ASSIGNMENT:
An exact repetition of the records is required. Leave nothing out.

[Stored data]
—————

lemma fibre_subset_branch:
  assumes ct: "contracts n G G' \<pi>" and "\<pi> p \<noteq> \<pi> q"
    and c: "c \<in> branch (edges G) p q" "c \<in> verts G"
  shows "{y\<in>verts G. \<pi> y = \<pi> c} \<subseteq> branch (edges G) p q"
proof -
  have "\<pi> c \<in> verts G'" using contractsD(3)[OF ct] c(2) by blast
  then have "connected_in (edges G) {y\<in>verts G. \<pi> y = \<pi> c}" by (rule contractsD(4)[OF ct])
  moreover have "inner_edges (edges G) {y\<in>verts G. \<pi> y = \<pi> c} \<subseteq> edges G - {{p, q}}"
    using \<open>\<pi> p \<noteq> \<pi> q\<close> by (auto simp: inner_edges_def)
  ultimately have "{y\<in>verts G. \<pi> y = \<pi> c} \<subseteq> reach (edges G - {{p, q}}) c"
    using c(2) by (intro connected_in_subset_reach) auto
  also have "\<dots> = branch (edges G) p q" using c(1) unfolding branch_def by (rule reach_eq)
  finally show ?thesis .
qed
lemma integral_density_comp_eq_if_char_eq:
  fixes f g X :: "'a \<Rightarrow> real" and h :: "real \<Rightarrow> real"
  assumes [measurable]: "f \<in> borel_measurable M" "g \<in> borel_measurable M" "X \<in> borel_measurable M"
      "h \<in> borel_measurable borel"
    and nonneg: "\<And>x. x \<in> space M \<Longrightarrow> 0 \<le> f x" "\<And>x. x \<in> space M \<Longrightarrow> 0 \<le> g x"
    and prob: "prob_space (density M (\<lambda>x. ennreal (f x)))" "prob_space (density M (\<lambda>x. ennreal (g x)))"
    and char_eq: "\<And>t. (\<integral>x. f x *\<^sub>R iexp (t * X x) \<partial>M) = (\<integral>x. g x *\<^sub>R iexp (t * X x) \<partial>M)"
  shows "(\<integral>x. f x * h (X x) \<partial>M) = (\<integral>x. g x * h (X x) \<partial>M)"
proof -
  let ?Q = "\<lambda>f. distr (density M (\<lambda>x. ennreal (f x))) borel X"
  have "real_distribution (?Q f)" "real_distribution (?Q g)"
    using prob by (auto intro!: prob_space.real_distribution_distr)
  moreover have "char (?Q f) = char (?Q g)"
    using char_eq nonneg by (simp add: fun_eq_iff char_def integral_distr_density)
  ultimately have "?Q f = ?Q g"
    by (rule Levy_uniqueness)
  then show ?thesis
    using nonneg integral_distr_density[of f M X borel h] integral_distr_density[of g M X borel h] by simp
qed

—————

ANSWER TO THIS PROBLEM:
lemma fibre_subset_branch:
  assumes ct: "contracts n G G' \<pi>" and "\<pi> p \<noteq> \<pi> q"
    and c: "c \<in> branch (edges G) p q" "c \<in> verts G"
  shows "{y\<in>verts G. \<pi> y = \<pi> c} \<subseteq> branch (edges G) p q"
proof -
  have "\<pi> c \<in> verts G'" using contractsD(3)[OF ct] c(2) by blast
  then have "connected_in (edges G) {y\<in>verts G. \<pi> y = \<pi> c}" by (rule contractsD(4)[OF ct])
  moreover have "inner_edges (edges G) {y\<in>verts G. \<pi> y = \<pi> c} \<subseteq> edges G - {{p, q}}"
    using \<open>\<pi> p \<noteq> \<pi> q\<close> by (auto simp: inner_edges_def)
  ultimately have "{y\<in>verts G. \<pi> y = \<pi> c} \<subseteq> reach (edges G - {{p, q}}) c"
    using c(2) by (intro connected_in_subset_reach) auto
  also have "\<dots> = branch (edges G) p q" using c(1) unfolding branch_def by (rule reach_eq)
  finally show ?thesis .
qed
lemma integral_density_comp_eq_if_char_eq:
  fixes f g X :: "'a \<Rightarrow> real" and h :: "real \<Rightarrow> real"
  assumes [measurable]: "f \<in> borel_measurable M" "g \<in> borel_measurable M" "X \<in> borel_measurable M"
      "h \<in> borel_measurable borel"
    and nonneg: "\<And>x. x \<in> space M \<Longrightarrow> 0 \<le> f x" "\<And>x. x \<in> space M \<Longrightarrow> 0 \<le> g x"
    and prob: "prob_space (density M (\<lambda>x. ennreal (f x)))" "prob_space (density M (\<lambda>x. ennreal (g x)))"
    and char_eq: "\<And>t. (\<integral>x. f x *\<^sub>R iexp (t * X x) \<partial>M) = (\<integral>x. g x *\<^sub>R iexp (t * X x) \<partial>M)"
  shows "(\<integral>x. f x * h (X x) \<partial>M) = (\<integral>x. g x * h (X x) \<partial>M)"
proof -
  let ?Q = "\<lambda>f. distr (density M (\<lambda>x. ennreal (f x))) borel X"
  have "real_distribution (?Q f)" "real_distribution (?Q g)"
    using prob by (auto intro!: prob_space.real_distribution_distr)
  moreover have "char (?Q f) = char (?Q g)"
    using char_eq nonneg by (simp add: fun_eq_iff char_def integral_distr_density)
  ultimately have "?Q f = ?Q g"
    by (rule Levy_uniqueness)
  then show ?thesis
    using nonneg integral_distr_density[of f M X borel h] integral_distr_density[of g M X borel h] by simp
qed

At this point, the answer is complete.